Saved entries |
++++
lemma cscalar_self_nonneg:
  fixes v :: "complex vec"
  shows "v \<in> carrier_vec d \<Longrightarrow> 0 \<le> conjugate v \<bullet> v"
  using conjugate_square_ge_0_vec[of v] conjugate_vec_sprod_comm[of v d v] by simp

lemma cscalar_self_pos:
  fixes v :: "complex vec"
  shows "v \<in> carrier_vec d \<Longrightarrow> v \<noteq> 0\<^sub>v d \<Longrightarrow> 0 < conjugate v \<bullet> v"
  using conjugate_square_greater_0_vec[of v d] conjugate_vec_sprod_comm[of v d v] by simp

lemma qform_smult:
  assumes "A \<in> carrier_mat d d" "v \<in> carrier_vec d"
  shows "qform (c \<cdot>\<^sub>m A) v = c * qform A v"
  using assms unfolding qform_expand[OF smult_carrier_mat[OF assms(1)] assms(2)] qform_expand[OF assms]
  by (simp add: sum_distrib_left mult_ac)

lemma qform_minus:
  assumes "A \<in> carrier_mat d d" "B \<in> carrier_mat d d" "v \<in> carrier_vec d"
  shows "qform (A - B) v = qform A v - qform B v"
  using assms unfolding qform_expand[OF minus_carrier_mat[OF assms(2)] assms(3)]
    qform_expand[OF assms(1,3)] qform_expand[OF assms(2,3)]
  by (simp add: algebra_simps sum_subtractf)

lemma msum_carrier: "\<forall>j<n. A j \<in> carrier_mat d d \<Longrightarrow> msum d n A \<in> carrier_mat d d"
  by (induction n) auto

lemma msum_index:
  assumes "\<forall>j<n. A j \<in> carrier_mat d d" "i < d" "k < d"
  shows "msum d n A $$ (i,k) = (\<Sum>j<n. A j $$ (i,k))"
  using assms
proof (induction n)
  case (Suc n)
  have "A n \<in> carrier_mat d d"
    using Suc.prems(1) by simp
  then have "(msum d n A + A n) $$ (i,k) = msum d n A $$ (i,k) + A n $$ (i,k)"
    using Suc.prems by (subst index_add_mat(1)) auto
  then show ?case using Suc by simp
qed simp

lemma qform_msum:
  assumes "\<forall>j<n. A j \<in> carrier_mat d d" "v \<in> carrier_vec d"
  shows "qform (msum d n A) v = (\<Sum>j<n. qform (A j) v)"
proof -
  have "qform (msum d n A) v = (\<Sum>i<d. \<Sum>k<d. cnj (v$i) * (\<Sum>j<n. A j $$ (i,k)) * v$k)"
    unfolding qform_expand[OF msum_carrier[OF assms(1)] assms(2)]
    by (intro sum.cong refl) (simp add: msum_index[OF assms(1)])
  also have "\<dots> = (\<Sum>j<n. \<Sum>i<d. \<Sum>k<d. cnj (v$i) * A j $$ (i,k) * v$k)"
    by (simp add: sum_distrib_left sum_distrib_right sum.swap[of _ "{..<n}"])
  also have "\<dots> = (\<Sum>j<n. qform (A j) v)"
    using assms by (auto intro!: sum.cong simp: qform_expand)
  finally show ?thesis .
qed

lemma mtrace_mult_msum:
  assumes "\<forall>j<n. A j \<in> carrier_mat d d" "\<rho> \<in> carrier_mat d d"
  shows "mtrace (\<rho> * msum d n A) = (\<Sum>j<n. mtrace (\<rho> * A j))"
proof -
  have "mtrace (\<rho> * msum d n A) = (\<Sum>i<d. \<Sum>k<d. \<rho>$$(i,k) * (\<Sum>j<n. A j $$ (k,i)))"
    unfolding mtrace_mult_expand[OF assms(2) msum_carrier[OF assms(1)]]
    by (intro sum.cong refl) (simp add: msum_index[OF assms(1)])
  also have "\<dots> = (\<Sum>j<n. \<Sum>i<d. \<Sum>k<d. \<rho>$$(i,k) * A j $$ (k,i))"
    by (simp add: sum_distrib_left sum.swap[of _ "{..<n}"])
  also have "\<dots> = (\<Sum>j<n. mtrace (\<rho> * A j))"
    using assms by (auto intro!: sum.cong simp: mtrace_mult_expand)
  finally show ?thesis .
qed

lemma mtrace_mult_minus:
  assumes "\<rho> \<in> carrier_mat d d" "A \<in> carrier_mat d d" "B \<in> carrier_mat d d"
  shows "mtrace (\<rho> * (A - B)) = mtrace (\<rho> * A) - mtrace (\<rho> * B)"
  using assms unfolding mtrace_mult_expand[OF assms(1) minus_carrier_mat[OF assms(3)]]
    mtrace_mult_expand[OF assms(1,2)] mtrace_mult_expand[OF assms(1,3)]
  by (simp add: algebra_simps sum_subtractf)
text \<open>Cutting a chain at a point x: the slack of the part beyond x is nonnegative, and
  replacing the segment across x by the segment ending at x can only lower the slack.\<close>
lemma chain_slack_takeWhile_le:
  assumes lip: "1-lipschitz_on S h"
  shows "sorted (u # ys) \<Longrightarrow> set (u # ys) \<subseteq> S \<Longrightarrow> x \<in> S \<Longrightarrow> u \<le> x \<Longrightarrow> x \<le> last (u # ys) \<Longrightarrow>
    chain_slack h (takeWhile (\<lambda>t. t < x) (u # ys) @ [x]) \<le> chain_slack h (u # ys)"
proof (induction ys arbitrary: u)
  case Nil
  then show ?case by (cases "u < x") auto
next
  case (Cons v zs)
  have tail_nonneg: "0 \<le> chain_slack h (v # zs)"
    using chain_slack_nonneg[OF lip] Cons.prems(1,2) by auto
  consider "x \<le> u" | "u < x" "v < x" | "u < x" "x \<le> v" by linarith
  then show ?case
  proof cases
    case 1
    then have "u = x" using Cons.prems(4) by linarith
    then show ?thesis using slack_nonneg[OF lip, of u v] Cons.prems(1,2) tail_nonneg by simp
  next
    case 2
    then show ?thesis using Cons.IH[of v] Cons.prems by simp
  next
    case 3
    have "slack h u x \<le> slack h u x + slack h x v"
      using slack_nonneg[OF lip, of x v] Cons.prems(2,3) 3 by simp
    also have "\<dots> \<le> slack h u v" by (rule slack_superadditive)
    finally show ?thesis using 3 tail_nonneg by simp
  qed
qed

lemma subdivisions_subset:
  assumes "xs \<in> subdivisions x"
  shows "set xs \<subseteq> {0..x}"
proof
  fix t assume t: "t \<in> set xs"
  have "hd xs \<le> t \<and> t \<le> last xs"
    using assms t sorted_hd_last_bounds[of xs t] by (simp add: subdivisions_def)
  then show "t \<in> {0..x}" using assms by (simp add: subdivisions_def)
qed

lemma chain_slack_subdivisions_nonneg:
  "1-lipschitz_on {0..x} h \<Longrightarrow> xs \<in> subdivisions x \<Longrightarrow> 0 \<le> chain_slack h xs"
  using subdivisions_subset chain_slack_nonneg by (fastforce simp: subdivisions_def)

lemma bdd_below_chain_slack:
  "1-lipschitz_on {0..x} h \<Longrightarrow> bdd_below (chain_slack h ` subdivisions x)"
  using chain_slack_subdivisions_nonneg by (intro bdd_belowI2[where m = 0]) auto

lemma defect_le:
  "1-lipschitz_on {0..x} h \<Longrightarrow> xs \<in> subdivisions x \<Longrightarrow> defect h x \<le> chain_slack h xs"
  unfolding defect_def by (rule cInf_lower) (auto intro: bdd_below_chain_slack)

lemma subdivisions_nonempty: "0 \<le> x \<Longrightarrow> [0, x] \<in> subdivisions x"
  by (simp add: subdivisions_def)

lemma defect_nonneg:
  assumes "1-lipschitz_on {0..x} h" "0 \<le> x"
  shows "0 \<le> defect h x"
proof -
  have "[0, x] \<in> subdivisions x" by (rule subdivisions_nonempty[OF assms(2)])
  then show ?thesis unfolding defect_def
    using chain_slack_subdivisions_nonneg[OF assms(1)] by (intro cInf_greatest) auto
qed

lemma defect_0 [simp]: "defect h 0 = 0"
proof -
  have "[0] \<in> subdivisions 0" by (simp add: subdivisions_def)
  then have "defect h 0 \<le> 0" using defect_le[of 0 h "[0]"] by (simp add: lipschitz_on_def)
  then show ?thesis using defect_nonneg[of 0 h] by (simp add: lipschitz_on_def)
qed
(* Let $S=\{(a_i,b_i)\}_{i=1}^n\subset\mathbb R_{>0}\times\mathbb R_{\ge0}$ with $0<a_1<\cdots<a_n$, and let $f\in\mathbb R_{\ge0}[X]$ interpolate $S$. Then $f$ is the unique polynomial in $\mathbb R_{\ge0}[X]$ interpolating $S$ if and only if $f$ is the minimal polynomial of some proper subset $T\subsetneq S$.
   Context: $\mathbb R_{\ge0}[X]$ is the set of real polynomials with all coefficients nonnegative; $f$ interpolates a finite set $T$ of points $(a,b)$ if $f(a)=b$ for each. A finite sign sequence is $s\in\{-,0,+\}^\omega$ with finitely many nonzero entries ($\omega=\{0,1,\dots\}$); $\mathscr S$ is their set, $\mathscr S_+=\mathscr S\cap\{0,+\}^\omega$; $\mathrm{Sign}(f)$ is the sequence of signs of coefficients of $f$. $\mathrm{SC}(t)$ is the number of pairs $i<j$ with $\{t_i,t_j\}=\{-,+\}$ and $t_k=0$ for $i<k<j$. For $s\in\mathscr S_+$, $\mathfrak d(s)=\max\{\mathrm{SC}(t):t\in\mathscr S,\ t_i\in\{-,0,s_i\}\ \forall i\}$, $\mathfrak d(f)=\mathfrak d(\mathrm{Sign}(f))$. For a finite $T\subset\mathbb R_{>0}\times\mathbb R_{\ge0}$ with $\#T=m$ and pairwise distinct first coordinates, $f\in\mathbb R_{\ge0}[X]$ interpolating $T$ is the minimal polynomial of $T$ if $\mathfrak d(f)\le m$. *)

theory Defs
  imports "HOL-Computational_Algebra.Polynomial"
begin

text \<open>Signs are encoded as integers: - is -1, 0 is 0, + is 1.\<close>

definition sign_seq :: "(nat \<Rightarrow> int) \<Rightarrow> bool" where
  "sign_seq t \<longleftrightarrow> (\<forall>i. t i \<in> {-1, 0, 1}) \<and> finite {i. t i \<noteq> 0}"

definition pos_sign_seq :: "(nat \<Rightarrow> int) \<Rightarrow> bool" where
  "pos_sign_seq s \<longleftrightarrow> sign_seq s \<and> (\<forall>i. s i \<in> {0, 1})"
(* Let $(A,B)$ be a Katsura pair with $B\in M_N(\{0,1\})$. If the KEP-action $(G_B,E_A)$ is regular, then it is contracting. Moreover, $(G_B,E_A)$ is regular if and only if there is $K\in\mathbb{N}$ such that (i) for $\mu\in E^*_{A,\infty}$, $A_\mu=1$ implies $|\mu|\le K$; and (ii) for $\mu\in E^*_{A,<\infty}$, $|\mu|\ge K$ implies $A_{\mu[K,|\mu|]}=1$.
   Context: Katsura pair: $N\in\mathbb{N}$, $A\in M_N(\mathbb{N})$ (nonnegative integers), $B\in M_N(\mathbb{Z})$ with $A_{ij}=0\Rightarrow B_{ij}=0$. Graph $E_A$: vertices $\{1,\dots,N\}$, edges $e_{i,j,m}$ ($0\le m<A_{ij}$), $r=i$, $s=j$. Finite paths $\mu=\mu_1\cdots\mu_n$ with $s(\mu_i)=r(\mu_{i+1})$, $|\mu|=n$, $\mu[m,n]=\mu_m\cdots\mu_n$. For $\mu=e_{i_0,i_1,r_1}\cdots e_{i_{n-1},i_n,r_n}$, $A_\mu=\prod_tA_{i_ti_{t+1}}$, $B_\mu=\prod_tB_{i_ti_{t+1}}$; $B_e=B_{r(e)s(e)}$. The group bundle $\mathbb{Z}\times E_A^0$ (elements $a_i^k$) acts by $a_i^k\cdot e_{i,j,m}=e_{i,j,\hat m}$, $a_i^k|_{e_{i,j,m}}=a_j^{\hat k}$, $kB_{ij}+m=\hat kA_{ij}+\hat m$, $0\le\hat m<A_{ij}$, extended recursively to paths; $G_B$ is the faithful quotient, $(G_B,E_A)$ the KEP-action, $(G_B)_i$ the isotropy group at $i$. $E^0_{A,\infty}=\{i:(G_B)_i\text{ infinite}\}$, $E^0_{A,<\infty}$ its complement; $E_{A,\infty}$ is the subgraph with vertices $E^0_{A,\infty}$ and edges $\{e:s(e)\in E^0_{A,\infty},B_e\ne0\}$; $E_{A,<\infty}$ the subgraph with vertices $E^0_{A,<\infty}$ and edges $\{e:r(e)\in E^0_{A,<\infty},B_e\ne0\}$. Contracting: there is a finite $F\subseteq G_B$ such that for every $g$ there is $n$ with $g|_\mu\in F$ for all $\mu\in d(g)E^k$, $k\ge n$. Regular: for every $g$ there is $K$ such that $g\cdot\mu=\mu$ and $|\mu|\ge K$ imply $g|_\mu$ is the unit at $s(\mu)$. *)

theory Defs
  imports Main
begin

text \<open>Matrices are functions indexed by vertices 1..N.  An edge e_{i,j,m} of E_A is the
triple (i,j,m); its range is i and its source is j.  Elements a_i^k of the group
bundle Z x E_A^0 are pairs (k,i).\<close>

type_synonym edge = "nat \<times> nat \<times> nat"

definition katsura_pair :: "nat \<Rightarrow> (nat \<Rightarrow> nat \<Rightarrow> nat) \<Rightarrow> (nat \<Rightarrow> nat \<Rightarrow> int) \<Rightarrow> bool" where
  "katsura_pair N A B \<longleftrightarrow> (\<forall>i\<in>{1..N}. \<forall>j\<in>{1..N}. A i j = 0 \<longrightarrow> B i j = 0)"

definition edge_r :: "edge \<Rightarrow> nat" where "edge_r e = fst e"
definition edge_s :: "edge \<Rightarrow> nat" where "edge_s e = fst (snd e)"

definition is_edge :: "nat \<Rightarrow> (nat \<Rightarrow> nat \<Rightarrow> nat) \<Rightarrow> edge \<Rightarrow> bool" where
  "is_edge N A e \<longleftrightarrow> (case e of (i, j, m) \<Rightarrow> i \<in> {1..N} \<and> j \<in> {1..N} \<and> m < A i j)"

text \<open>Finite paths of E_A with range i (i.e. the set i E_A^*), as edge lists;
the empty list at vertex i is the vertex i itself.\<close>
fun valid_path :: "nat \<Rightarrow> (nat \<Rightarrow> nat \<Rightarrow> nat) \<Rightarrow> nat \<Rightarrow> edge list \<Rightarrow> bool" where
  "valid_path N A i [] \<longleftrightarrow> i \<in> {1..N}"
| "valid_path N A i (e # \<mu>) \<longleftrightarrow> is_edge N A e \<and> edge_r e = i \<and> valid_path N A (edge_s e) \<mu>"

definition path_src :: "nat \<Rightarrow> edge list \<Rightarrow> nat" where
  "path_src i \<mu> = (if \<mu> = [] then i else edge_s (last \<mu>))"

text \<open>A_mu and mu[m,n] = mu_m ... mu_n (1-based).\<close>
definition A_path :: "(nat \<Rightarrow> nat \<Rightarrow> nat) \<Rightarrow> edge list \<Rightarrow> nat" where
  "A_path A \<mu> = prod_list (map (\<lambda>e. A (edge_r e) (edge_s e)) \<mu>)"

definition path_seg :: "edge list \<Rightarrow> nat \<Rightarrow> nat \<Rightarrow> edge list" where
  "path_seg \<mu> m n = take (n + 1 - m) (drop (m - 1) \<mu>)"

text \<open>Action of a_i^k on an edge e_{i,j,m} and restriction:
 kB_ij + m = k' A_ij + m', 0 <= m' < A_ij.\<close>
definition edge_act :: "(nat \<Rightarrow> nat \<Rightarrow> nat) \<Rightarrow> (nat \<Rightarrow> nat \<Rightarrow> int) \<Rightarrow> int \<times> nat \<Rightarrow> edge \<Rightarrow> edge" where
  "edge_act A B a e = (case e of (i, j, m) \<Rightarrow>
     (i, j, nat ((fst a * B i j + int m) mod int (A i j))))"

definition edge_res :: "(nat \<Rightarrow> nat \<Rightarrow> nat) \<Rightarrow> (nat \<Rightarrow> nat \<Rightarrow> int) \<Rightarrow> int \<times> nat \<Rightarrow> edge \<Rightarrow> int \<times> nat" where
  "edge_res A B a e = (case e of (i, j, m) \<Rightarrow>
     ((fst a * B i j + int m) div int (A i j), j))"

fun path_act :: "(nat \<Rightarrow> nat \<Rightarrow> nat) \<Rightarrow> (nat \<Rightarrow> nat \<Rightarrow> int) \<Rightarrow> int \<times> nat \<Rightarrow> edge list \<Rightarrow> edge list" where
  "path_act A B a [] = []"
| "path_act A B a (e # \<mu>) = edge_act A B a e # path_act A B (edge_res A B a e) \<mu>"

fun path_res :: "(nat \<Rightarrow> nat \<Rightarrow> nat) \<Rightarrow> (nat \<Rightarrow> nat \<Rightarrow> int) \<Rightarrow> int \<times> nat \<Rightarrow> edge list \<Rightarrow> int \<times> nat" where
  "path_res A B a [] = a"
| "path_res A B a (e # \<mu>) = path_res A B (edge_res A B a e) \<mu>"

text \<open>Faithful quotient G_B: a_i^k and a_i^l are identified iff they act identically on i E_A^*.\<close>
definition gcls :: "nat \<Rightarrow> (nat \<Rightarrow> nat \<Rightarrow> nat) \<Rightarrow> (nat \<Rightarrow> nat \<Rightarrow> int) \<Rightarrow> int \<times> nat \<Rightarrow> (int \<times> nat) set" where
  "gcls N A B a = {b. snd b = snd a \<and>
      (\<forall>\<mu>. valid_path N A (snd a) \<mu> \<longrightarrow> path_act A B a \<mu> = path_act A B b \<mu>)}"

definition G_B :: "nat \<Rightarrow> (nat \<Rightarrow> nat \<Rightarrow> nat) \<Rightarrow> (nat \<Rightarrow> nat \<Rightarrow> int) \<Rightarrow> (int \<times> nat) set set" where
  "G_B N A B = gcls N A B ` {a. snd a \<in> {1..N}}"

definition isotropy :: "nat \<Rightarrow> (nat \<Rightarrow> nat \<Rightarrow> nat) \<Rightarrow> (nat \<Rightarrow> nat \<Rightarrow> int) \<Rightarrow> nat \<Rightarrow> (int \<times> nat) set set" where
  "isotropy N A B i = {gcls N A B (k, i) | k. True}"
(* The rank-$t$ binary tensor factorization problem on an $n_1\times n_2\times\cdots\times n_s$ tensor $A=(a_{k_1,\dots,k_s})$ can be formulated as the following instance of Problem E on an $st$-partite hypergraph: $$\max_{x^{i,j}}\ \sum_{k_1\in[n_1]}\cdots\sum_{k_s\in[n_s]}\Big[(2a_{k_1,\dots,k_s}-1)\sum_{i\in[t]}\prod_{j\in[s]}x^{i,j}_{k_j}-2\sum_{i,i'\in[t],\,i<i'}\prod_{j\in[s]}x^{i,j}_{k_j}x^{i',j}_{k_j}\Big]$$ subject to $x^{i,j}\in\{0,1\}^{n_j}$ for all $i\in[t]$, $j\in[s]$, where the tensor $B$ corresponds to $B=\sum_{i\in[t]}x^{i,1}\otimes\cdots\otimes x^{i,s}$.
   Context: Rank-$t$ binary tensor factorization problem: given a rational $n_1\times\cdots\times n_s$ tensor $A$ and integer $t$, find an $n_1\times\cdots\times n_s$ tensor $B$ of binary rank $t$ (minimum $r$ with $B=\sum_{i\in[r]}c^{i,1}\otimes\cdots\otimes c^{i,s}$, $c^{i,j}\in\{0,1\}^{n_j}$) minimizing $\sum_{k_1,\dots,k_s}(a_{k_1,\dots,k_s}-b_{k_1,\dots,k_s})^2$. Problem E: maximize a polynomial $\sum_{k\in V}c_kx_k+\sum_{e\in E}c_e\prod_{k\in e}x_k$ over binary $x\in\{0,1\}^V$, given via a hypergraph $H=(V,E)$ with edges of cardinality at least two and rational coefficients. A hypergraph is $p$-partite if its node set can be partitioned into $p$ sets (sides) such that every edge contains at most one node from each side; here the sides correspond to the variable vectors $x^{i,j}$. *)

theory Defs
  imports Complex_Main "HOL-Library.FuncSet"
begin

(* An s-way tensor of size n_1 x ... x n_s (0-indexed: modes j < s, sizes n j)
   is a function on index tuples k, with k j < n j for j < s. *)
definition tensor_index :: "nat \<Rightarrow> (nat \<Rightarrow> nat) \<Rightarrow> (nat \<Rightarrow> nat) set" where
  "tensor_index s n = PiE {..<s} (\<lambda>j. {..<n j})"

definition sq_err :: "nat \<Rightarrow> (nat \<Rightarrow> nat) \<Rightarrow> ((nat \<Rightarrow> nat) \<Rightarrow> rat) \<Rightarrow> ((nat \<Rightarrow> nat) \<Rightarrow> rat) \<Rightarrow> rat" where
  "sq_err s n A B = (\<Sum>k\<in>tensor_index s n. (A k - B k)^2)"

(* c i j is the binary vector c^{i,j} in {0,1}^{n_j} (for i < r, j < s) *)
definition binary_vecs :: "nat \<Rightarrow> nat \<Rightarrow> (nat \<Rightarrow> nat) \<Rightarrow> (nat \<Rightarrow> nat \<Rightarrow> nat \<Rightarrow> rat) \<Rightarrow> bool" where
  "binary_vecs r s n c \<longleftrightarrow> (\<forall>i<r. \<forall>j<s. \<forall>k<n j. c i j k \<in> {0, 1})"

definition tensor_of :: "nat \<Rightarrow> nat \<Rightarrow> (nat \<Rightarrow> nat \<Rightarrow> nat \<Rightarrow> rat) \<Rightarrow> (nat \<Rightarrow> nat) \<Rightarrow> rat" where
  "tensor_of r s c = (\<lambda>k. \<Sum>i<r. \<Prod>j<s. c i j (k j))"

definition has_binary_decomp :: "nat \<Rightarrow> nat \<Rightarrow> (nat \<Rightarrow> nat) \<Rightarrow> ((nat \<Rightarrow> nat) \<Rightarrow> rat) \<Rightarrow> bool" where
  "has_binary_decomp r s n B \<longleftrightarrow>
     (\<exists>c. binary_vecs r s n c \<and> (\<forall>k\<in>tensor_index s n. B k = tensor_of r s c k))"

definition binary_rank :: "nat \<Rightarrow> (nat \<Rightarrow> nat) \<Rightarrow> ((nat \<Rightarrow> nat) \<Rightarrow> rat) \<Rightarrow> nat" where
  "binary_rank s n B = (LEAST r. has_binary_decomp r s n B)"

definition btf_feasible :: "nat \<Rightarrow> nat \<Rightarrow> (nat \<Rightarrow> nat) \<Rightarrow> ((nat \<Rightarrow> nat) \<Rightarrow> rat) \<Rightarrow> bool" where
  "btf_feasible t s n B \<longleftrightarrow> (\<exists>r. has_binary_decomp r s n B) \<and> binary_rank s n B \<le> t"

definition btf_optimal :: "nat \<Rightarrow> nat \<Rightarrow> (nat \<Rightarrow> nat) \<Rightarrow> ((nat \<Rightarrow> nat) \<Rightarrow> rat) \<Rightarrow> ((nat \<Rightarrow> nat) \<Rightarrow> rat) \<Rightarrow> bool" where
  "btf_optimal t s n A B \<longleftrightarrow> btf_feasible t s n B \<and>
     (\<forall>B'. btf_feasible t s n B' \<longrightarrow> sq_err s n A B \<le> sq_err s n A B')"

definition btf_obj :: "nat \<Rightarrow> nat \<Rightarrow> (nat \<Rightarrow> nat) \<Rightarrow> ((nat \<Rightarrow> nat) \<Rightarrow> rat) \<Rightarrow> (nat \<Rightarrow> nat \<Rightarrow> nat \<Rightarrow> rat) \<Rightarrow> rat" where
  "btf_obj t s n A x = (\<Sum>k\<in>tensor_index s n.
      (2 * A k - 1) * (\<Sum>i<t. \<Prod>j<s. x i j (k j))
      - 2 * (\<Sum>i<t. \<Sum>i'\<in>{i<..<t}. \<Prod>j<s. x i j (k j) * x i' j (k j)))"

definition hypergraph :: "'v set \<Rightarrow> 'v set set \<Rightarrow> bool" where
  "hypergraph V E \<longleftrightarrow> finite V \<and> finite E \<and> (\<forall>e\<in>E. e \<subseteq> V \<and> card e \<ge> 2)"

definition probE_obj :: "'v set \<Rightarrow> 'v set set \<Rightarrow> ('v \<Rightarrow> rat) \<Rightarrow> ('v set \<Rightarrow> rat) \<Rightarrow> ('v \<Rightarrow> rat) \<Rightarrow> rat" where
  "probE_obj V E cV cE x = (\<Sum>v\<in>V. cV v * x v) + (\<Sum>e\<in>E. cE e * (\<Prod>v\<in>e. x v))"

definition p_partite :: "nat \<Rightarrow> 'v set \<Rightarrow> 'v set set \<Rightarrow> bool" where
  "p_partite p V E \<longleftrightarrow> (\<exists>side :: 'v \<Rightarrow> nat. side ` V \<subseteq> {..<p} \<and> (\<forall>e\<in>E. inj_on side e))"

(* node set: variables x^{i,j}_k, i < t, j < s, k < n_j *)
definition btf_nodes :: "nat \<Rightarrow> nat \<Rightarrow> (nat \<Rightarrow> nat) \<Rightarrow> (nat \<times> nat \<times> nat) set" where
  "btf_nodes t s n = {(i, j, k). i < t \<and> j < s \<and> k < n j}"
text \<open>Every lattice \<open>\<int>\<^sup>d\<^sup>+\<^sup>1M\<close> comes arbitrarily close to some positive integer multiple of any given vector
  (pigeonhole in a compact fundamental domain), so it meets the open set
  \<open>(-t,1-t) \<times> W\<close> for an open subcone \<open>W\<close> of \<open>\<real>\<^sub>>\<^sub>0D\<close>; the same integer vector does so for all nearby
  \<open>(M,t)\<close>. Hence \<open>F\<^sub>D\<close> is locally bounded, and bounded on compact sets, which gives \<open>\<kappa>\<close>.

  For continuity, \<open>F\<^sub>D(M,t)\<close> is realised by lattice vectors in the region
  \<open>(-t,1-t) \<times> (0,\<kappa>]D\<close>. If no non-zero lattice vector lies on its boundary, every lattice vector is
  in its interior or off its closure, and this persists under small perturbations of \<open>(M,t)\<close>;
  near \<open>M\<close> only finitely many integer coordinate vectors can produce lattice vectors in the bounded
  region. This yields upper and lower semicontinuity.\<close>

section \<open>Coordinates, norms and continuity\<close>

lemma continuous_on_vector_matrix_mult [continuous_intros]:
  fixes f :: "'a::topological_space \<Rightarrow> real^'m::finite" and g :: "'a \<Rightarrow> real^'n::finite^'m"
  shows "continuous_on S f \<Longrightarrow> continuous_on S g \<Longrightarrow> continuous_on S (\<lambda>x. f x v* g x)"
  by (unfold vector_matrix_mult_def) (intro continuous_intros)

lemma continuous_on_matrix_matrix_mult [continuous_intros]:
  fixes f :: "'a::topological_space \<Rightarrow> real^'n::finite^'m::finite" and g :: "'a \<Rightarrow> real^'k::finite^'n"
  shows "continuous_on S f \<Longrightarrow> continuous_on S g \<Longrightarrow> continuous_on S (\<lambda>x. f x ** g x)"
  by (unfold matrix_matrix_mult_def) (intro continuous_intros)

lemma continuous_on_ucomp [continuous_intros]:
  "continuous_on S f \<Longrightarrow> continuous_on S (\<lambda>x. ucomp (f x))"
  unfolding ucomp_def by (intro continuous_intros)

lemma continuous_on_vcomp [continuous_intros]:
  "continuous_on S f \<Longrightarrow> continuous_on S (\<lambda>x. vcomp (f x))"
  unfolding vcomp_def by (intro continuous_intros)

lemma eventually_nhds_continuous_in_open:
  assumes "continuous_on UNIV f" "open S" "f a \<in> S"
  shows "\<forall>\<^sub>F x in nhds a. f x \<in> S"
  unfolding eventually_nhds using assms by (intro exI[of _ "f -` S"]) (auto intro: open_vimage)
++++
Exactly the lines above from the one with "(i,k) = (\<Sum>j<n." to the one with "using Suc.prems by", both included, are to be quoted; leave the rest out.

Solution to this exercise |
  shows "msum d n A $$ (i,k) = (\<Sum>j<n. A j $$ (i,k))"
  using assms
proof (induction n)
  case (Suc n)
  have "A n \<in> carrier_mat d d"
    using Suc.prems(1) by simp
  then have "(msum d n A + A n) $$ (i,k) = msum d n A $$ (i,k) + A n $$ (i,k)"
    using Suc.prems by (subst index_add_mat(1)) auto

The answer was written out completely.